(Saved entries)
- Opening Delimiter -
text \<open>On the cube, \<open>\<sigma>\<close> only depends on the position of each coordinate relative to the
  finitely many partition points of the slightly larger cube \<open>[-(q+1), q+1)\<^sup>d\<close>.\<close>

lemma finite_finvals:
  fixes \<sigma> :: "real^'n \<Rightarrow> ereal"
  assumes "\<sigma> \<in> StateSpace" "q > 0"
  shows "finite (finvals q \<sigma>)"
proof -
  have "\<forall>q>0. \<exists>S :: 'n \<Rightarrow> real set.
        (\<forall>i. finite (S i) \<and> -q \<in> S i \<and> q \<in> S i \<and> S i \<subseteq> {-q..q}) \<and>
        (\<forall>x y. (\<forall>i. -q \<le> x$i \<and> x$i < q \<and> -q \<le> y$i \<and> y$i < q) \<longrightarrow>
               (\<forall>i. \<forall>s\<in>S i. s \<le> x$i \<longleftrightarrow> s \<le> y$i) \<longrightarrow> \<sigma> x = \<sigma> y)"
    using assms(1) unfolding StateSpace_def by blast
  then obtain S :: "'n \<Rightarrow> real set" where S: "\<forall>i. finite (S i)"
    and const: "\<forall>x y. (\<forall>i. -(q+1) \<le> x$i \<and> x$i < q+1 \<and> -(q+1) \<le> y$i \<and> y$i < q+1) \<longrightarrow>
               (\<forall>i. \<forall>s\<in>S i. s \<le> x$i \<longleftrightarrow> s \<le> y$i) \<longrightarrow> \<sigma> x = \<sigma> y"
    using assms(2) by (metis add_pos_pos zero_less_one)
  define sig where "sig x = (\<lambda>i. {s\<in>S i. s \<le> x$i})" for x :: "real^'n"
  have "finite (sig ` cube q)"
  proof (rule finite_subset)
    show "sig ` cube q \<subseteq> (\<Pi>\<^sub>E i\<in>UNIV. Pow (S i))" by (auto simp: sig_def)
    show "finite (\<Pi>\<^sub>E i\<in>UNIV. Pow (S i))" using S by (intro finite_PiE) auto
  qed
  then have "finite (\<sigma> ` cube q)"
  proof (rule finite_image_if_factors)
    fix x y assume xy: "x \<in> cube q" "y \<in> cube q" and sig: "sig x = sig y"
    have "-(q+1) \<le> z$i \<and> z$i < q+1" if "z \<in> cube q" for z i
      using that[unfolded mem_cube_iff, rule_format, of i] by linarith
    then have "\<forall>i. -(q+1) \<le> x$i \<and> x$i < q+1 \<and> -(q+1) \<le> y$i \<and> y$i < q+1"
      using xy by blast
    moreover have "\<forall>i. \<forall>s\<in>S i. s \<le> x$i \<longleftrightarrow> s \<le> y$i"
      using sig unfolding sig_def fun_eq_iff by blast
    ultimately show "\<sigma> x = \<sigma> y"
      using const[THEN spec[of _ x], THEN spec[of _ y]] by blast
  qed
  moreover have "finvals q \<sigma> = (\<lambda>n. ereal (of_int n)) -` (\<sigma> ` cube q)"
    by (auto simp: finvals_def) (metis imageI)
  ultimately show ?thesis by (auto intro: finite_vimageI simp: inj_on_def)
qed

lemma abs_le_linf: "\<bar>x$i\<bar> \<le> linf x"
  unfolding linf_def by (rule Max_ge) auto
definition ext_ideal :: "nat \<Rightarrow> nat set \<Rightarrow> nat \<Rightarrow> (nat \<Rightarrow> int) set \<Rightarrow> (nat \<Rightarrow> int) set" where
  "ext_ideal n A r I = {v. \<exists>u\<in>I. \<exists>w\<in>lmonos (n + r) (laurent_vars n A r). v = (\<lambda>i. u i + w i)}"

end

theory Submission
  imports Defs
begin

text \<open>A Stanley space uK[Z] is the set of lattice points of a translated orthant, which is
  cut out coordinatewise. Adjoining one Laurent variable t, a decomposition of I/J into spaces
  uK[Z] gives one of (I/J)[t^{+-1}] into the spaces uK[Z, t] and u t^-1 K[Z, t^-1], so the
  Stanley depth goes up by at least one. Conversely, intersecting the spaces of a
  decomposition of (I/J)[t^{+-1}] with the hyperplane where t has exponent 0 decomposes I/J,
  and each space loses at most one direction. Both estimates compare maximal decompositions,
  so they need that Stanley decompositions of I/J exist at all; this follows by induction on
  the number of variables from the ascending chain condition for monomial ideals of S_f.\<close>

section \<open>Stanley spaces as boxes\<close>

definition box_coord :: "(nat \<Rightarrow> int) \<Rightarrow> (nat \<times> bool) set \<Rightarrow> nat \<Rightarrow> int \<Rightarrow> bool" where
  "box_coord u Z i x \<longleftrightarrow>
     (if (i, True) \<in> Z then u i \<le> x else if (i, False) \<in> Z then x \<le> u i else x = u i)"

definition sbox :: "(nat \<Rightarrow> int) \<Rightarrow> (nat \<times> bool) set \<Rightarrow> (nat \<Rightarrow> int) set" where
  "sbox u Z = {v. \<forall>i. box_coord u Z i (v i)}"

lemma dir_eq: "dir z i = of_bool (z = (i, True)) - of_bool (z = (i, False))"
  by (cases z) (auto simp: dir_def)

lemma sum_dir:
  assumes "finite Z"
  shows "(\<Sum>z\<in>Z. int (c z) * dir z i) =
    (if (i, True) \<in> Z then int (c (i, True)) else 0) - (if (i, False) \<in> Z then int (c (i, False)) else 0)"
  using assms by (simp add: dir_eq right_diff_distrib sum_subtractf)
- Closing Delimiter -
Please copy exactly, and only, the lines from the line containing "(if (i, True) \<in> Z then int" through the last line of the records, with both ends included.

    (if (i, True) \<in> Z then int (c (i, True)) else 0) - (if (i, False) \<in> Z then int (c (i, False)) else 0)"
  using assms by (simp add: dir_eq right_diff_distrib sum_subtractf)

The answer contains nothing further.